Эффект Сюзан - Хёг Питер
Мы летим над Эресунном. Внезапно я понимаю, что должны чувствовать перелетные птицы, когда они отрываются от земли. Одновременно неуверенность и эйфорию от парения над водным простором.
Он отворачивается от приборной панели. Наверное, включен какой-то автопилот, небольшая корректировка курса происходит как будто сама собой.
— Сюзан. Ты последняя говорила с членами комиссии. И у тебя есть этот удивительный талант. Торкиль рассказывал мне. Значит, ты заставила их говорить. Что они рассказали? Какой временной горизонт они определили? Когда ждать наступления коллапса?
Мне много раз доводилось смотреть на Копенгаген сверху. Из окна самолета, с церковных колоколен, из ресторана гостиницы SAS, с колеса обозрения в парке Тиволи, с верхних этажей университета и здания Института Панума. И тем не менее на этот раз все выглядит иначе. Отсюда город кажется уязвимым.
Может быть, дело в том, что шар движется медленно, что кабина очень уж легкая и вся конструкция выглядит ненадежной. На мгновение мне кажется, что мы с полутора миллионами человек внизу — единый организм.
— Они не называли дат.
— В любом случае это произойдет очень скоро. Вы возвращаетесь домой, начинаете работать, дети идут учиться, и будьте в готовности. Мы эвакуируем вас в ближайшие нескольких месяцев.
— Почему погибли члены комиссии?
— Они были немолодыми людьми, Сюзан.
Я пытаюсь полностью отдаться эффекту. Возникает ощущение свободного падения. Каждый раз — как впервые, каждый раз возникает некоторый тремор, даже у меня. Искренность — это не то, к чему можно привыкнуть раз и навсегда, это процесс, когда каждый раз приходится отказываться от привычных точек отсчета.
— Они стали алчными, Сюзан. Стали наживаться на своих способностях. Выставлять их на продажу. Так нельзя. Умение заглянуть в будущее — гораздо более тонкая вещь, чем доступ ко всем государственным тайнам. Торкиль руководил ими больше сорока лет. Но мало кто из людей может жить с такой колоссальной властью и не злоупотреблять ею. Они должны были уйти.
— Почему вы не подождали? Пока я не поговорю с ними?
Отец кладет руку на плечо Хайна. В эту минуту они похожи на братьев — старшего и младшего.
— У нас возникли разногласия. Торкиль хотел сохранить им жизнь.

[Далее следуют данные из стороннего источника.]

(* Let $\mathcal{H}$ be a real Hilbert space, let $A:\mathcal{H}\rightrightarrows\mathcal{H}$ be maximal monotone with $A^{-1}(0)\neq\emptyset$, let $\theta>0$, let $p\geq1$ be an integer, and let $x_0\in\Omega:=\{x\in\mathcal{H}:0\notin Ax\}$. Then the closed-loop control system \[ \dot{x}(t)+x(t)-(I+\lambda(t)A)^{-1}x(t)=0,\qquad \lambda(t)\,\|(I+\lambda(t)A)^{-1}x(t)-x(t)\|^{p-1}=\theta,\qquad x(0)=x_0, \] has a unique global solution $(x,\lambda):[0,+\infty)\to\mathcal{H}\times(0,+\infty)$, with $x(\cdot)$ continuously differentiable and $\lambda(\cdot)$ locally Lipschitz continuous. If $p\geq 2$, then \[ \|x(t)-(I+\lambda(t)A)^{-1}x(t)\|\geq \|x(0)-(I+\lambda(0)A)^{-1}x(0)\|\,e^{-t}\quad\text{for all } t\geq 0. \]
   Context: $(I+\lambda A)^{-1}$ denotes the resolvent of the maximal monotone operator $A$ with index $\lambda>0$; $A^{-1}(0)=\{x\in\mathcal{H}:0\in Ax\}$. *)

theory Defs
  imports "HOL-Analysis.Analysis"
begin

definition monotone_op :: "('a::real_inner \<Rightarrow> 'a set) \<Rightarrow> bool" where
  "monotone_op A \<longleftrightarrow>
     (\<forall>x y u v. u \<in> A x \<longrightarrow> v \<in> A y \<longrightarrow> inner (x - y) (u - v) \<ge> 0)"

definition maximal_monotone :: "('a::real_inner \<Rightarrow> 'a set) \<Rightarrow> bool" where
  "maximal_monotone A \<longleftrightarrow> monotone_op A \<and>
     (\<forall>x u. (\<forall>y v. v \<in> A y \<longrightarrow> inner (x - y) (u - v) \<ge> 0) \<longrightarrow> u \<in> A x)"

text \<open>Resolvent (I + lam A)^{-1} x: the unique y with x \<in> y + lam A y.\<close>
definition resolvent :: "('a::real_inner \<Rightarrow> 'a set) \<Rightarrow> real \<Rightarrow> 'a \<Rightarrow> 'a" where
  "resolvent A lam x = (THE y. (1 / lam) *\<^sub>R (x - y) \<in> A y)"

definition locally_lipschitz_on :: "real set \<Rightarrow> (real \<Rightarrow> real) \<Rightarrow> bool" where
  "locally_lipschitz_on S f \<longleftrightarrow>
     (\<forall>t\<in>S. \<exists>e>0. \<exists>L. L-lipschitz_on (cball t e \<inter> S) f)"

definition is_cl_solution ::
  "('a::real_inner \<Rightarrow> 'a set) \<Rightarrow> real \<Rightarrow> nat \<Rightarrow> 'a \<Rightarrow> (real \<Rightarrow> 'a) \<Rightarrow> (real \<Rightarrow> real) \<Rightarrow> bool" where
  "is_cl_solution A \<theta> p x0 x lam \<longleftrightarrow>
     (\<exists>x'. (\<forall>t\<ge>0. (x has_vector_derivative x' t) (at t within {0..})) \<and>
           continuous_on {0..} x' \<and>
           (\<forall>t\<ge>0. x' t + x t - resolvent A (lam t) (x t) = 0)) \<and>
     (\<forall>t\<ge>0. lam t > 0) \<and>
     locally_lipschitz_on {0..} lam \<and>
     (\<forall>t\<ge>0. lam t * norm (resolvent A (lam t) (x t) - x t) ^ (p - 1) = \<theta>) \<and>
     x 0 = x0"

end

theory Submission
  imports Defs
begin

text \<open>By Minty's theorem the resolvents \<open>J\<^sub>\<lambda> = (I + \<lambda>A)\<^sup>-\<^sup>1\<close> are everywhere defined and
  firmly nonexpansive, and the residual \<open>\<parallel>x - J\<^sub>\<lambda> x\<parallel>\<close> is nondecreasing and Lipschitz in \<open>\<lambda>\<close>.
  Hence, off \<open>A\<^sup>-\<^sup>1(0)\<close>, the feedback law \<open>\<lambda> \<parallel>x - J\<^sub>\<lambda> x\<parallel>\<^sup>p\<^sup>-\<^sup>1 = \<theta>\<close> has a unique root
  \<open>\<lambda>(x)\<close>, and capping this root at a level \<open>M\<close> makes it Lipschitz in \<open>x\<close> on bounded sets.

  Along a solution the distance to a zero \<open>z\<close> of \<open>A\<close> does not increase, and the residual
  \<open>g(t)\<close> can drop at most by the distance travelled, while the speed is \<open>g(t)\<close> itself; hence
  \<open>g(t) \<ge> g(0) e\<^sup>-\<^sup>t\<close>. This bounds \<open>\<lambda>(t)\<close> on \<open>[0, T]\<close> below a level that a cap chosen in
  terms of \<open>T\<close> never reaches, so there the closed-loop system is an ODE whose field, after
  retracting onto the ball about \<open>z\<close>, is globally Lipschitz: Picard iteration solves it and
  Gronwall's inequality makes the solution unique. Solutions for growing \<open>T\<close> glue to the
  global one.\<close>

section \<open>Picard iteration\<close>

primrec picard_iterate :: "('a::banach \<Rightarrow> 'a) \<Rightarrow> 'a \<Rightarrow> nat \<Rightarrow> real \<Rightarrow> 'a" where
  "picard_iterate G x0 0 = (\<lambda>t. x0)"
| "picard_iterate G x0 (Suc n) = (\<lambda>t. x0 + integral {0..t} (\<lambda>s. G (picard_iterate G x0 n s)))"

lemma continuous_on_picard_iterate:
  assumes "continuous_on UNIV G"
  shows "continuous_on {0..b} (picard_iterate G x0 n)"
proof (induction n)
  case (Suc n)
  have "continuous_on {0..b} (\<lambda>s. G (picard_iterate G x0 n s))"
    using continuous_on_compose2[OF assms Suc] by simp
  then have "continuous_on {0..b} (\<lambda>t. integral {0..t} (\<lambda>s. G (picard_iterate G x0 n s)))"
    by (intro indefinite_integral_continuous_1 integrable_continuous_real)
  then show ?case by (simp add: continuous_on_add)
qed simp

У нас в лаборатории такое бывало. Тот волшебный момент, когда гипотеза вступает в свои права и то, что до этого было лишь хрупким образом, начинает обретать материальную форму. Это и происходит сейчас. Крах демократий — это не просто прогноз. И Хайн, и Фальк-Хансен отходят на второй план. Мой отец — главный в этой кабине.
— Кто это сделал?
Боль искажает его лицо. При воспоминании еще одного печального фрагмента прошлого.

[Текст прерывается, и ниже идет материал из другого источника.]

(* Let $n\in\mathbb{N}$, let $\mathbf{s}=(s_0,\ldots,s_n)\subset[0,\infty)$ be strictly positive on $(0,1]$ and let $s_{-1}\in[0,\infty)$. Then $\mathbf{s}'=(s_{-1},s_0,\ldots,s_n)$ (viewed as a sequence of length $n+2$ with $s_{-1}$ as its zeroth term) is strictly positive on $(0,1]$ if and only if $s_{-1}\in(t_1(\mathbf{s}),\infty)$.
   Context: For $a<b$ and $\mathbf{s}=(s_0,\ldots,s_n)$ let $\sigma(x^k)=s_k$ define a linear functional on real polynomials of degree $\le n$. $\mathbf{s}$ is positive on $[a,b]$ if $\sigma(P)\ge0$ for every such $P$ nonnegative on $[a,b]$, strictly positive if moreover $\sigma(P)>0$ for every such $P\not\equiv0$. Strictly positive on $(0,1]$ means strictly positive on some $[a,b]$ with $0<a<b\le1$. $\mathcal{M}_{a,b}(\mathbf{s})$ is the set of positive Borel measures on $[a,b]$ with $k$-th moments $s_k$ ($k=0,\ldots,n$); $t_{a,b}(\mathbf{s})=\inf\{\int_{[a,b]}\frac1t\,d\mu:\mu\in\mathcal{M}_{a,b}(\mathbf{s})\}$ with $\inf\varnothing=\infty$, and $t_1(\mathbf{s})=\inf_{0<a<b\le1}t_{a,b}(\mathbf{s})$. *)

theory Defs
  imports "HOL-Analysis.Analysis" "HOL-Probability.Probability" "HOL-Computational_Algebra.Polynomial"
begin

definition mom_fun :: "nat \<Rightarrow> (nat \<Rightarrow> real) \<Rightarrow> real poly \<Rightarrow> real" where
  "mom_fun n s P = (\<Sum>k\<le>n. coeff P k * s k)"

definition nonneg_on :: "real poly \<Rightarrow> real \<Rightarrow> real \<Rightarrow> bool" where
  "nonneg_on P a b \<longleftrightarrow> (\<forall>x\<in>{a..b}. poly P x \<ge> 0)"

definition positive_on :: "nat \<Rightarrow> (nat \<Rightarrow> real) \<Rightarrow> real \<Rightarrow> real \<Rightarrow> bool" where
  "positive_on n s a b \<longleftrightarrow>
     (\<forall>P. degree P \<le> n \<and> nonneg_on P a b \<longrightarrow> mom_fun n s P \<ge> 0)"

definition strictly_positive_on :: "nat \<Rightarrow> (nat \<Rightarrow> real) \<Rightarrow> real \<Rightarrow> real \<Rightarrow> bool" where
  "strictly_positive_on n s a b \<longleftrightarrow> positive_on n s a b \<and>
     (\<forall>P. degree P \<le> n \<and> nonneg_on P a b \<and> P \<noteq> 0 \<longrightarrow> mom_fun n s P > 0)"

text \<open>Strictly positive on (0,1]: strictly positive on some [a,b] with 0 < a < b <= 1.\<close>
definition strictly_positive_01 :: "nat \<Rightarrow> (nat \<Rightarrow> real) \<Rightarrow> bool" where
  "strictly_positive_01 n s \<longleftrightarrow>
     (\<exists>a b. 0 < a \<and> a < b \<and> b \<le> 1 \<and> strictly_positive_on n s a b)"

definition rep_measures :: "nat \<Rightarrow> (nat \<Rightarrow> real) \<Rightarrow> real \<Rightarrow> real \<Rightarrow> real measure set" where
  "rep_measures n s a b = {M. sets M = sets borel \<and> finite_measure M \<and>
       emeasure M (UNIV - {a..b}) = 0 \<and>
       (\<forall>k\<le>n. integral\<^sup>L M (\<lambda>x. x ^ k) = s k)}"

definition t_ab :: "nat \<Rightarrow> (nat \<Rightarrow> real) \<Rightarrow> real \<Rightarrow> real \<Rightarrow> ereal" where
  "t_ab n s a b = (INF M\<in>rep_measures n s a b. ereal (integral\<^sup>L M (\<lambda>t. 1 / t)))"

definition t_1 :: "nat \<Rightarrow> (nat \<Rightarrow> real) \<Rightarrow> ereal" where
  "t_1 n s = (INF ab\<in>{(a, b). 0 < a \<and> a < b \<and> b \<le> (1::real)}. t_ab n s (fst ab) (snd ab))"

end

theory Submission
  imports Defs
begin

text \<open>
  A strictly positive functional \<sigma> on polynomials of degree at most n has a margin on [a, b]:
  \<sigma>(P) \<ge> \<delta> (|p_0| + ... + |p_n|) for every P \<ge> 0 on [a, b], by compactness.
  If s' is strictly positive on [a, b] \<subseteq> (0, 1], lowering s_{-1} by \<delta> keeps it positive.
  A positive functional on [a, b] is integration against finitely many atoms (its nearest point
  in the moment cone, which is closed by Caratheodory's theorem, coincides with it), and dividing
  the weights by the atoms gives a representing measure of s on [a, b] with
  \<integral>1/t = s_{-1} - \<delta>; hence t_1(s) < s_{-1}.

  Conversely, let \<mu> represent s on [a, b] with \<integral>1/t d\<mu> < s_{-1} and write P = p_0 + x Q.
  If p_0 \<ge> 0 then \<sigma>'(P) = p_0 (s_{-1} - \<integral>1/t d\<mu>) + \<integral>P/t d\<mu>; if p_0 < 0, the margin of s
  on an interval [a_0, b_0] of strict positivity dominates p_0 s_{-1} as soon as the interval
  reaches down to some small \<alpha>. So s' is strictly positive on [\<alpha>, max b b_0].
\<close>

section \<open>Caratheodory's theorem for cones\<close>

lemma homogeneous_system_nontrivial_solution:
  fixes A :: "nat \<Rightarrow> 'i \<Rightarrow> 'a::field"
  assumes "finite I" "m < card I"
  shows "\<exists>w. (\<exists>i\<in>I. w i \<noteq> 0) \<and> (\<forall>k<m. (\<Sum>i\<in>I. A k i * w i) = 0)"
  using assms
proof (induction m arbitrary: I A)
  case 0
  then obtain i where "i \<in> I" by fastforce
  then show ?case by (intro exI[of _ "\<lambda>_. 1"]) auto
next
  case (Suc m)
  show ?case
  proof (cases "\<forall>i\<in>I. A m i = 0")
    case True
    with Suc.IH[of I A] Suc.prems show ?thesis by (auto simp: less_Suc_eq)
  next
    case False
    then obtain j where j: "j \<in> I" "A m j \<noteq> 0" by auto
    \<comment> \<open>Gaussian elimination: clear column \<open>j\<close> from the first \<open>m\<close> equations using equation \<open>m\<close>.\<close>
    define A' where "A' k i = A k i - A k j * A m i / A m j" for k i
    have "m < card (I - {j})" using Suc.prems j by simp
    with Suc.IH[of "I - {j}" A'] Suc.prems(1) obtain w' where
      w': "\<exists>i\<in>I - {j}. w' i \<noteq> 0" "\<forall>k<m. (\<Sum>i\<in>I - {j}. A' k i * w' i) = 0" by auto
    define w where "w = w'(j := - (\<Sum>i\<in>I - {j}. A m i * w' i) / A m j)"
    have wj: "w j = - (\<Sum>i\<in>I - {j}. A m i * w' i) / A m j" by (simp add: w_def)
    have split: "(\<Sum>i\<in>I. A k i * w i) = A k j * w j + (\<Sum>i\<in>I - {j}. A k i * w' i)" for k
      using Suc.prems(1) j(1) by (simp add: sum.remove w_def)
    have "(\<Sum>i\<in>I. A k i * w i) = (\<Sum>i\<in>I - {j}. A' k i * w' i)" for k
      unfolding split wj using j(2)
      by (simp add: A'_def algebra_simps sum_subtractf sum_distrib_left sum_divide_distrib)
    moreover have "A' m i = 0" for i using j(2) by (simp add: A'_def)
    ultimately have "\<forall>k<Suc m. (\<Sum>i\<in>I. A k i * w i) = 0"
      using w'(2) by (auto simp: less_Suc_eq)
    moreover have "\<exists>i\<in>I. w i \<noteq> 0" using w'(1) by (auto simp: w_def)
    ultimately show ?thesis by blast
  qed
qed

— У меня есть люди, Сюзан. И ближайший из них — Ясон. Я всегда полностью ему доверял. Он привозил письма, вам с мамой.
— Я видела трупы. Ему нравится убивать.
И снова гримаса боли.
— Я хотел, чтобы все было сделано аккуратно, Сюзан. Как на скотобойнях. Ты когда-нибудь бывала там? Это просто восхитительно. В спинной мозг вола вводят трубку. Для предотвращения сильных спазмов. Все нежно и тихо. Я хотел, чтобы все было сделано таким образом. Ясон мне как сын. Я заботился о нем, Сюзан. Как будто он твой брат.
— Как трогательно, — говорю я.
— Да, действительно. Как я только его не прикрывал. Ведь он психопат. Может быть, надо было провести психиатрическое обследование. Именно из-за него все пошло наперекосяк. Теперь придется от него избавиться.

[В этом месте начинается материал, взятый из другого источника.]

lemma conv_right_inv:
  assumes "a \<in> FI" "\<And>x. a x x \<noteq> 0"
  shows "conv a (right_inv a) = delta"
proof (intro ext)
  fix u v
  show "conv a (right_inv a) u v = delta u v"
  proof (cases "u < v")
    case False
    then show ?thesis
      using assms(2) by (cases "u = v") (auto simp: conv_diag right_inv_diag conv_def delta_def)
  next
    case lt: True
    define Z where "Z = {z. u < z \<and> z \<le> v \<and> a u z \<noteq> 0}"
    have Z: "finite Z" unfolding Z_def by (rule finite_row_successors[OF assms(1)])
    have "conv a (right_inv a) u v =
        (\<Sum>z\<in>insert u Z. if u \<le> z \<and> z \<le> v then a u z * right_inv a z v else 0)"
      by (rule conv_eq_sum) (use Z lt in \<open>auto simp: Z_def order.order_iff_strict\<close>)
    also have "\<dots> = a u u * right_inv a u v + (\<Sum>z\<in>Z. a u z * right_inv a z v)"
      using Z lt by (auto simp: Z_def intro!: sum.cong)
    also have "a u u * right_inv a u v = - (\<Sum>z\<in>Z. a u z * right_inv a z v)"
      using right_inv_rec[OF assms(1) lt] assms(2)[of u] by (simp add: Z_def)
    finally show ?thesis using lt by (simp add: delta_def)
  qed
qed

lemma fi_right_inverse:
  fixes a :: "('p::order, 'k::field) fi"
  assumes nz: "\<And>x. dg a x \<noteq> 0"
  obtains b where "a * b = 1" "\<And>x. dg b x \<noteq> 0"
proof -
  have "R a \<in> FI" by (rule R)
  then have "right_inv (R a) \<in> FI" by (rule right_inv_FI)
  then obtain b where b: "R b = right_inv (R a)" using FI_eq_range_R by metis
  have "R (a * b) = R 1"
    unfolding times_fi.rep_eq one_fi.rep_eq b
    using \<open>R a \<in> FI\<close> nz by (intro conv_right_inv) (auto simp: dg.rep_eq)
  moreover have "dg b x \<noteq> 0" for x
    using nz[of x] by (simp add: dg.rep_eq b right_inv_diag)
  ultimately show ?thesis using R_inject that by blast
qed

text \<open>The right inverse again has nonzero diagonal, so it is right invertible too,
  and the inverse is two-sided.\<close>

lemma has_inverse_if_dg_nonzero:
  fixes a :: "('p::order, 'k::field) fi"
  assumes "\<And>x. dg a x \<noteq> 0"
  shows "has_inverse a"
proof -
  obtain b where ab: "a * b = 1" and "\<And>x. dg b x \<noteq> 0" using fi_right_inverse assms by blast
  then obtain c where "b * c = 1" using fi_right_inverse by blast
  with ab show ?thesis by (rule has_inverse_if_right_inverses)
qed


section \<open>The decomposition in fi\<close>

lemma dg_idempotent:
  fixes f :: "('p::order, 'k::field) fi"
  assumes "f * f = f"
  shows "dg f x = 0 \<or> dg f x = 1"
proof -
  have "dg f x * dg f x = dg f x" using arg_cong[OF assms, of "\<lambda>m. dg m x"] by simp
  then show ?thesis by (metis mult_cancel_left2 mult_eq_0_iff)
qed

— У него мои дети. Тит и Харальд. Тебе это известно?
Он нисколько не удивлен. Способность удивляться он, очевидно, давно утратил. Но он замирает.
— Где, Сюзан?
— Я не знаю. Он позвонил мне. Сказал, что хочет поговорить со мной.
— Мы найдем его через пятнадцать минут.
Я знаю, что он лжет.
— И разберемся с ним.
— Ты сам этим займешься, отец?
— Я не могу, Сюзан. Он мне как сын.
Двое других пассажиров подходят к нам.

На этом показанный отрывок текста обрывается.